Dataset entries
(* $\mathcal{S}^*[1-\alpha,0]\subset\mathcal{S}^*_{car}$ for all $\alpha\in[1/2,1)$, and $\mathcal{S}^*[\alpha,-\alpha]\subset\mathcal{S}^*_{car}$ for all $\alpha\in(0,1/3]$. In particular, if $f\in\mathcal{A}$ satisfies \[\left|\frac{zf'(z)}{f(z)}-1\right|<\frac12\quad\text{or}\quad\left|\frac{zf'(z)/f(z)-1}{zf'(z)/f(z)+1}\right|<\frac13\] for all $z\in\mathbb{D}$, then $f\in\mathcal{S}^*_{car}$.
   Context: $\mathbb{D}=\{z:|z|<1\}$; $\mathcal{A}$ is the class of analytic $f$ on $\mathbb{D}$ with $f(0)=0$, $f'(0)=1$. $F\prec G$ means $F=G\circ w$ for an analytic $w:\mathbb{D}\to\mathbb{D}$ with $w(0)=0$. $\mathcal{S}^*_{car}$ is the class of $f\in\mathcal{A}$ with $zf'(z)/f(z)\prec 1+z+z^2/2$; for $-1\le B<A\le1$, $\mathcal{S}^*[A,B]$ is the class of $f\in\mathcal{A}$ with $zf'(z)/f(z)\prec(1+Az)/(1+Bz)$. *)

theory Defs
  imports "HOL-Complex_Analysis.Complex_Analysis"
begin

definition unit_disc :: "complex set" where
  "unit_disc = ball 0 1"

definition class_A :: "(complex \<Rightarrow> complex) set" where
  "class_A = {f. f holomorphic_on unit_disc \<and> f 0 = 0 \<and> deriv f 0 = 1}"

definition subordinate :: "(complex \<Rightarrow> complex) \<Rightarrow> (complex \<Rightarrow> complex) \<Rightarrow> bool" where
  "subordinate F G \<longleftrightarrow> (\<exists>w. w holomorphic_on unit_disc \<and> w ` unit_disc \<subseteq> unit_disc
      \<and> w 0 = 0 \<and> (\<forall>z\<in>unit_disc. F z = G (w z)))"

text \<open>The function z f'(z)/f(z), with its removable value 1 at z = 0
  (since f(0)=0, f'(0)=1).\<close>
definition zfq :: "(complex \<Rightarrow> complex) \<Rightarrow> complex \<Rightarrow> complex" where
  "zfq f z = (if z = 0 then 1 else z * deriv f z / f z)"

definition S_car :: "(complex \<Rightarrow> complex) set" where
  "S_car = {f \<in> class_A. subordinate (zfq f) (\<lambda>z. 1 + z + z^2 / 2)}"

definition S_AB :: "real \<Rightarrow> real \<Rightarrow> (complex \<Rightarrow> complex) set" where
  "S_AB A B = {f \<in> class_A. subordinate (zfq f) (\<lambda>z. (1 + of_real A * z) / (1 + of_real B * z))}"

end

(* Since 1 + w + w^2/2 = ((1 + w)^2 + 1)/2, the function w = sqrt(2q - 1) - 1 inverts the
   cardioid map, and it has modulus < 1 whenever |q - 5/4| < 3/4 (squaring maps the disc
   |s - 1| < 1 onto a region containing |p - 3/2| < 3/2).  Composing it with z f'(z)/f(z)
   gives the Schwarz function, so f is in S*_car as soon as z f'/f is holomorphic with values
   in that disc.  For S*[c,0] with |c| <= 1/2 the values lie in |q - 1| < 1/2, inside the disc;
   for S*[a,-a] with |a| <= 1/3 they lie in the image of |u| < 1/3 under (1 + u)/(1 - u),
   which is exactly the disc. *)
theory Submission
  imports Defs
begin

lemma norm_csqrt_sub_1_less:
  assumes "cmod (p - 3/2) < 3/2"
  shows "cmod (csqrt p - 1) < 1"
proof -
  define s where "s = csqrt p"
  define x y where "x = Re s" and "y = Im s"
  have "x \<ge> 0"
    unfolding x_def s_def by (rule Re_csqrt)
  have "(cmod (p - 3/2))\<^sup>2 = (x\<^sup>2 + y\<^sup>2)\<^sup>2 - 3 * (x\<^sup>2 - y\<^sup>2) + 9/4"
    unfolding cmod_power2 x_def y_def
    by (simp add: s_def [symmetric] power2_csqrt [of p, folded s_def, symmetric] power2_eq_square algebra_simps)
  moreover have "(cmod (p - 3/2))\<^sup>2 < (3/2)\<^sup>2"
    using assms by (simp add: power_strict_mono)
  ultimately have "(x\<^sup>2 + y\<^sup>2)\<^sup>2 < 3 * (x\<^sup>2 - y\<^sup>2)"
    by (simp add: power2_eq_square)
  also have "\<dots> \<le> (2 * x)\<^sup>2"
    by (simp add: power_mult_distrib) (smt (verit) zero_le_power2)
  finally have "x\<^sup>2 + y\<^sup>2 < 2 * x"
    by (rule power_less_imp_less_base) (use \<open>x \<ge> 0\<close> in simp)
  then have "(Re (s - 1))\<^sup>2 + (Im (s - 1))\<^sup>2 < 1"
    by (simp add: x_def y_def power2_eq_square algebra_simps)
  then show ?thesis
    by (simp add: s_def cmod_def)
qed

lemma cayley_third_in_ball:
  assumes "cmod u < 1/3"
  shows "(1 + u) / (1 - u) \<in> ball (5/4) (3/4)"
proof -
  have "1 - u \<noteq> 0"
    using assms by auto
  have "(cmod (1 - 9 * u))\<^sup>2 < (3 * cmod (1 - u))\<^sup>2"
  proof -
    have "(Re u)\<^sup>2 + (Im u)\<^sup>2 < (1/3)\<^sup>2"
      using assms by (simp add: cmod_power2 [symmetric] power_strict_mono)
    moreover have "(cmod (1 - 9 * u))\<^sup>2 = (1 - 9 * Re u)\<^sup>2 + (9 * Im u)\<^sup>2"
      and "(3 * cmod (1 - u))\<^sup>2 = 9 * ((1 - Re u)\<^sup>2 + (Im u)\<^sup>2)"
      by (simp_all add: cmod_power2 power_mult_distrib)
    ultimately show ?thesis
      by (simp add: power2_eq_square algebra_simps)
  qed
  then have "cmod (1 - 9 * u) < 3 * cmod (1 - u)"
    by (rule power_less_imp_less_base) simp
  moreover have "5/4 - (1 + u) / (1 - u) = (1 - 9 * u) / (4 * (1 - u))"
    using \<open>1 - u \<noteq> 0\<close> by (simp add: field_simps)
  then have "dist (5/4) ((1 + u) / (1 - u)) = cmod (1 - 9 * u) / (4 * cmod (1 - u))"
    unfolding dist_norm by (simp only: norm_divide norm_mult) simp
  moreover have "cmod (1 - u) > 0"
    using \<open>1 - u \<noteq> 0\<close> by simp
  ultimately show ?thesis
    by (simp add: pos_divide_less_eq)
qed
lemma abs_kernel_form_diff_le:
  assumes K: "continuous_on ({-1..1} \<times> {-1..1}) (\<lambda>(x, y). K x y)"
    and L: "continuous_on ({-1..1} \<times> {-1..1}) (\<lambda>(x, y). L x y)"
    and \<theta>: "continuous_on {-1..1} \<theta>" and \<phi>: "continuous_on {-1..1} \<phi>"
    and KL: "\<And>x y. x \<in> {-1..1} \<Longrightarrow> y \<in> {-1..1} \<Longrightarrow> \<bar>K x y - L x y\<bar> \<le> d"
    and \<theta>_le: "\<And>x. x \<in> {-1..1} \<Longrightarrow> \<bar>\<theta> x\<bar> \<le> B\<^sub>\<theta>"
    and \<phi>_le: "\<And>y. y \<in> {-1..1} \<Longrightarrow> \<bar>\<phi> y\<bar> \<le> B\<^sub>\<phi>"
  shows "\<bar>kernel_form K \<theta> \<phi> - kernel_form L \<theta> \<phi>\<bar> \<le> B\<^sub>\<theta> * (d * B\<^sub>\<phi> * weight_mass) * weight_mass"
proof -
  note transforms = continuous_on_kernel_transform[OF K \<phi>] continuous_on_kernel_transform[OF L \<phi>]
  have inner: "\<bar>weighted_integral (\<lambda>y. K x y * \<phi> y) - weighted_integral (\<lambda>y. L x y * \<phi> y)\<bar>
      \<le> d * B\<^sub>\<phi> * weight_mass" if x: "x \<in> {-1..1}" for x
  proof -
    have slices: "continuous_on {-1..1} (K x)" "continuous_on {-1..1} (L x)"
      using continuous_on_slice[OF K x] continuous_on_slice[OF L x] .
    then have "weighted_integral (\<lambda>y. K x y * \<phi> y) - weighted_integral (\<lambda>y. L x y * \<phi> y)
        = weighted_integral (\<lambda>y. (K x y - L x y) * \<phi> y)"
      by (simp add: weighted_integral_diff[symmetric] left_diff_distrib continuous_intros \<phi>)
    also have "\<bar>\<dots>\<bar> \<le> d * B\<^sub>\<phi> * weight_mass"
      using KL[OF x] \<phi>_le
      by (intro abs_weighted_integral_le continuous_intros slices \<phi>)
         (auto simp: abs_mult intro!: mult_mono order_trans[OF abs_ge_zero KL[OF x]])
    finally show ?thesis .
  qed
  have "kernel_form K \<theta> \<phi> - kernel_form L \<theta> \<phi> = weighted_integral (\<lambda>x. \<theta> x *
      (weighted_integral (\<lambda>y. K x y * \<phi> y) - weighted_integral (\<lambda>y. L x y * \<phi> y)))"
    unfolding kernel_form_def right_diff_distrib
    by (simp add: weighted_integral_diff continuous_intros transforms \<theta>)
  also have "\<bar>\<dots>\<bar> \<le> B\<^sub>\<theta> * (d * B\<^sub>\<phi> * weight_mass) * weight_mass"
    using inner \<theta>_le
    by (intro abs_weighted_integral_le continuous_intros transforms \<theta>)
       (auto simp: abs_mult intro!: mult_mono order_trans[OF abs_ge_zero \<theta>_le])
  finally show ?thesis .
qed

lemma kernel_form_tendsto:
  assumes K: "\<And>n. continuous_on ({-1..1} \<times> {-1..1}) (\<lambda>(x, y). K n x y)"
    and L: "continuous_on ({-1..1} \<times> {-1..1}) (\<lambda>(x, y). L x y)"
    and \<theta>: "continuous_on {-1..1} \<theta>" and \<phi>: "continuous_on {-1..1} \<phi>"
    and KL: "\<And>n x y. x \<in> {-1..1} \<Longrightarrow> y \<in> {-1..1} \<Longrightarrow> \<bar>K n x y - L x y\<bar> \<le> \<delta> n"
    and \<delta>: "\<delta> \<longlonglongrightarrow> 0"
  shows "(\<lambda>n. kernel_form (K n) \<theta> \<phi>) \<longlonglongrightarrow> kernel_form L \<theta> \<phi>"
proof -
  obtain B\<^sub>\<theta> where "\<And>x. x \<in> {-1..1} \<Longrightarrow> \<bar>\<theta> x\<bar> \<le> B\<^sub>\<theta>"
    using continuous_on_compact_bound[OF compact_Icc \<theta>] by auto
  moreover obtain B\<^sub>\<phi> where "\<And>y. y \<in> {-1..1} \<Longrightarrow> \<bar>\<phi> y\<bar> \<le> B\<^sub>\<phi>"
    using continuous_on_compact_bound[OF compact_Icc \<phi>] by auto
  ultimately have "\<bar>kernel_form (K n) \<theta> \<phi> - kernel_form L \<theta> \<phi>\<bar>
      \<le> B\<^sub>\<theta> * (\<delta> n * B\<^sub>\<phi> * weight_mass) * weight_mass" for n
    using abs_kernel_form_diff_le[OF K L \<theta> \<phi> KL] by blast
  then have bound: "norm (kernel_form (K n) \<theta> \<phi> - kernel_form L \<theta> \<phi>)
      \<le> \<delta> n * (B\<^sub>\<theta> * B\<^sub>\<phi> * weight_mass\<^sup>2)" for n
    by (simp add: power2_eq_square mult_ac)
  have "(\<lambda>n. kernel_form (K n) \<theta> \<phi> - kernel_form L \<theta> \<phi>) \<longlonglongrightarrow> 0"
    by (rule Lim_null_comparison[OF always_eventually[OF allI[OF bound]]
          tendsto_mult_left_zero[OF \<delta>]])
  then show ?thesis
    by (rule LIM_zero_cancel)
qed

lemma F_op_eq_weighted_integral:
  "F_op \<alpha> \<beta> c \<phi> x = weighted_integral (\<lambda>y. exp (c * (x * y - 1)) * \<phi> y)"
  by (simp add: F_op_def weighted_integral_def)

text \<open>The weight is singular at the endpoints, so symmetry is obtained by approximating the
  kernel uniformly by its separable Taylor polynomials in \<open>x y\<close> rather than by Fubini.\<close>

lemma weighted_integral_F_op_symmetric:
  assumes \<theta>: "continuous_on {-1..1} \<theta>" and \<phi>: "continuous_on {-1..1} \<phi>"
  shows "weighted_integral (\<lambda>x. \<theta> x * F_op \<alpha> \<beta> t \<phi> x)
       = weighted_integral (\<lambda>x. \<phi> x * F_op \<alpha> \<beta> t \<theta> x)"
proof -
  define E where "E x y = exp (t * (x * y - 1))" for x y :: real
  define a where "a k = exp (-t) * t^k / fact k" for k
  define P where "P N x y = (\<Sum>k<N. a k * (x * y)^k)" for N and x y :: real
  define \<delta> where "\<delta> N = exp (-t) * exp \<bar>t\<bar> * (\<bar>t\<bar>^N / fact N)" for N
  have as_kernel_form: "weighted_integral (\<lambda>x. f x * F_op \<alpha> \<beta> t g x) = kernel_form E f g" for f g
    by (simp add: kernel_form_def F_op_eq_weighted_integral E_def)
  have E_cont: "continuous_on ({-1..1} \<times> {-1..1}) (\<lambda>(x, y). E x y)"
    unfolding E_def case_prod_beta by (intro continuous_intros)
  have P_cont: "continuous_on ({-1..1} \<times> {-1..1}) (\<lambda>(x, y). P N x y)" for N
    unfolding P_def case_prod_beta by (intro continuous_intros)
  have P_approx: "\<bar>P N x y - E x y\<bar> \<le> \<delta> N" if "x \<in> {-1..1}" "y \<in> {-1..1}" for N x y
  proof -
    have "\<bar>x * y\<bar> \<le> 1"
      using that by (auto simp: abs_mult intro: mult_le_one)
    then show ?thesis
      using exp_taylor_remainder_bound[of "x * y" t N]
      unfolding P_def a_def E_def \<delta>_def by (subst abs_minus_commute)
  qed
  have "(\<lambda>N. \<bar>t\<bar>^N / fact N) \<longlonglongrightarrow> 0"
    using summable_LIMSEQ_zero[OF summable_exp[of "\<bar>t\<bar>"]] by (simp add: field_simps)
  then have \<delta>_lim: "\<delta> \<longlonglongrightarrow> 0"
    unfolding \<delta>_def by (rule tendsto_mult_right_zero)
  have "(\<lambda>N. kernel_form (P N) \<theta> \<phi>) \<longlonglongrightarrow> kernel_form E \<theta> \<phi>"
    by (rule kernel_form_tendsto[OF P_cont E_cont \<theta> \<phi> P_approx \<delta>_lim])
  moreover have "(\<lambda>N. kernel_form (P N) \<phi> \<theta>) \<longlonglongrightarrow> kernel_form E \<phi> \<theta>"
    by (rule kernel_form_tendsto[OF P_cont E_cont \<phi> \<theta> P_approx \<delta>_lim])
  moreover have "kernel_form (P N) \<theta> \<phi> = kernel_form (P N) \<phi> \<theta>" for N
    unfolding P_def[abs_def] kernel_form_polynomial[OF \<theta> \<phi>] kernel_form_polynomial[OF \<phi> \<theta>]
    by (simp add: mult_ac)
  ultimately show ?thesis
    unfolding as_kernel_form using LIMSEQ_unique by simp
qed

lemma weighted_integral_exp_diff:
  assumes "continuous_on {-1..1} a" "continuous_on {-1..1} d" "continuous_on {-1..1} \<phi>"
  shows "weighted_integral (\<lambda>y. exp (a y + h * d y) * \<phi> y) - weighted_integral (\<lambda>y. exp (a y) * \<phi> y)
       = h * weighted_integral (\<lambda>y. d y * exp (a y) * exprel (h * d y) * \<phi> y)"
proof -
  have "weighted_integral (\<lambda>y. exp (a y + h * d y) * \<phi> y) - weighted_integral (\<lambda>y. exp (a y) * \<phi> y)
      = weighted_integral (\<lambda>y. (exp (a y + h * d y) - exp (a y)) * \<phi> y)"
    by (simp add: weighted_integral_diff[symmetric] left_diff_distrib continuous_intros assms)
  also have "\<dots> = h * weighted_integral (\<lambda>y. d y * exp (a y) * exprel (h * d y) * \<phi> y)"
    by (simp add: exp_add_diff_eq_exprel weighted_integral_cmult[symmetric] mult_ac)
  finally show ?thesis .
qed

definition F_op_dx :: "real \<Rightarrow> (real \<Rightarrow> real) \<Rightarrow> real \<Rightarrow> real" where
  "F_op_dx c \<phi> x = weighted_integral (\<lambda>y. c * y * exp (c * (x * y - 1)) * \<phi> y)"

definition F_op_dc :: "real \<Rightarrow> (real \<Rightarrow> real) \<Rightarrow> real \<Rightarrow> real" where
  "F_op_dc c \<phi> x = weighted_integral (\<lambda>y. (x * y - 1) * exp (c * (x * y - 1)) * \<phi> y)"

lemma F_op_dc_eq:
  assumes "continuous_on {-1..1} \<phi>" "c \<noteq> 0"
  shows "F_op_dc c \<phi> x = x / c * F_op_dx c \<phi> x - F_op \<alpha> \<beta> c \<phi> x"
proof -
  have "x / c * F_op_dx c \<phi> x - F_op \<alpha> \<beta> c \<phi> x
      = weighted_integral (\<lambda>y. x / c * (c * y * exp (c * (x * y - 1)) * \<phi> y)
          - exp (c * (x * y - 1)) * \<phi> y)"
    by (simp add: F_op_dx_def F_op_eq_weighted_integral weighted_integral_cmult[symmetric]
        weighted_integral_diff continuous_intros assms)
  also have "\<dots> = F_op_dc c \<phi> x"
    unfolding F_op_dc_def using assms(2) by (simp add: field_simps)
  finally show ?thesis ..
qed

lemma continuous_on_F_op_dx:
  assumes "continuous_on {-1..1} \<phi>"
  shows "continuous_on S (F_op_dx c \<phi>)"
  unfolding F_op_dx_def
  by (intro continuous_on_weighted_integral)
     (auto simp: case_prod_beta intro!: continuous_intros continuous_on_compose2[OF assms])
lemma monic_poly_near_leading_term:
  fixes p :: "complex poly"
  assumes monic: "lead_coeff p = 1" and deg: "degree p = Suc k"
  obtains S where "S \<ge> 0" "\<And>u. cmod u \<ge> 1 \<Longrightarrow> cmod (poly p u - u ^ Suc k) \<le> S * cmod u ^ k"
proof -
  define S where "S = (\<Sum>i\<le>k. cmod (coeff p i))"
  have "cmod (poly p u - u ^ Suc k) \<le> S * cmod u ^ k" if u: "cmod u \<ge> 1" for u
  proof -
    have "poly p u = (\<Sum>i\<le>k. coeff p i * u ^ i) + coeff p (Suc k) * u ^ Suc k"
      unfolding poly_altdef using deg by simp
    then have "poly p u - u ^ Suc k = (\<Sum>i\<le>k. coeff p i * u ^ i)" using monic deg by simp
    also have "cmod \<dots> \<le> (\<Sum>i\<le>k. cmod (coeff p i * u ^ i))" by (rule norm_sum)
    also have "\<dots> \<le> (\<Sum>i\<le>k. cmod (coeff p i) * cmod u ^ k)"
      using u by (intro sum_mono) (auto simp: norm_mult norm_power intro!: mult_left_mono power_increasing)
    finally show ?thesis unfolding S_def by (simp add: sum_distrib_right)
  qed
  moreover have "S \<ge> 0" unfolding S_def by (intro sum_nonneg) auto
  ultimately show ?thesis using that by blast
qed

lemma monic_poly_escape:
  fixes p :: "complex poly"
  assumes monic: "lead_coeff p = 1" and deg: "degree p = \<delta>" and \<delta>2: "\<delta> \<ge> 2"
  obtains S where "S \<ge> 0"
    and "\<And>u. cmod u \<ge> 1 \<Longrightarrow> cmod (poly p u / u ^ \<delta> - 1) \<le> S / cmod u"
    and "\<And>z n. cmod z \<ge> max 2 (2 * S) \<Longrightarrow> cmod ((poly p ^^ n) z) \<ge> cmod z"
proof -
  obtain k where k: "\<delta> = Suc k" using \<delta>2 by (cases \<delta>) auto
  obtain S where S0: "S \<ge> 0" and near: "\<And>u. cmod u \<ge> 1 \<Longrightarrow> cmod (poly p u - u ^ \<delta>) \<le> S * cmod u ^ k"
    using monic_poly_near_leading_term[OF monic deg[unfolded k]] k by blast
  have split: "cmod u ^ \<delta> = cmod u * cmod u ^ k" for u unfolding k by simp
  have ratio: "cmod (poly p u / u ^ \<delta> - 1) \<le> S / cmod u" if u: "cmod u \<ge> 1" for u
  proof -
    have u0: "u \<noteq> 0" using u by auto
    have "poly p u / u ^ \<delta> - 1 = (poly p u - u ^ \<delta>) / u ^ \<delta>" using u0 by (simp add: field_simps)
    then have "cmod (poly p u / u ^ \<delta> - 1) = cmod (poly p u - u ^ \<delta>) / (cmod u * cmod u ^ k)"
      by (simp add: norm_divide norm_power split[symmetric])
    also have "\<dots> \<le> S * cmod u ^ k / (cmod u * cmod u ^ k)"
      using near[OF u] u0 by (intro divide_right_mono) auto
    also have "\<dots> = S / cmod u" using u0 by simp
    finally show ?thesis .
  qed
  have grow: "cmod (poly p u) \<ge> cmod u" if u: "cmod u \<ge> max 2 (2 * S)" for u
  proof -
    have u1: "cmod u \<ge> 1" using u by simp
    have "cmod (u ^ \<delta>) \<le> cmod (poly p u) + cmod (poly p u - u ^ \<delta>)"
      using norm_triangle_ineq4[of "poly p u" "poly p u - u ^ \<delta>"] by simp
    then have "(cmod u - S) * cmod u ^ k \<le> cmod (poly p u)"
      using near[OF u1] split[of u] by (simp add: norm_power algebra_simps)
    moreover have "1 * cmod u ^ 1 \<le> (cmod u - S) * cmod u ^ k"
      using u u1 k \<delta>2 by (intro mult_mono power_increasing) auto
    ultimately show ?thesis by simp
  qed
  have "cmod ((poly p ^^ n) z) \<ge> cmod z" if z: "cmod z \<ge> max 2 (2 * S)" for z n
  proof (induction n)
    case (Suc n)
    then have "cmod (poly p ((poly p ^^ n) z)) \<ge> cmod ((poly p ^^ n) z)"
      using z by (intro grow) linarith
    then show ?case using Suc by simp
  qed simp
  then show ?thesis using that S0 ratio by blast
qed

**Brief**
In the records above, return only the line that contains "case (Suc n)" and every line after it through the last, exactly as they appear.

**Result**
    case (Suc n)
    then have "cmod (poly p ((poly p ^^ n) z)) \<ge> cmod ((poly p ^^ n) z)"
      using z by (intro grow) linarith
    then show ?case using Suc by simp
  qed simp
  then show ?thesis using that S0 ratio by blast
qed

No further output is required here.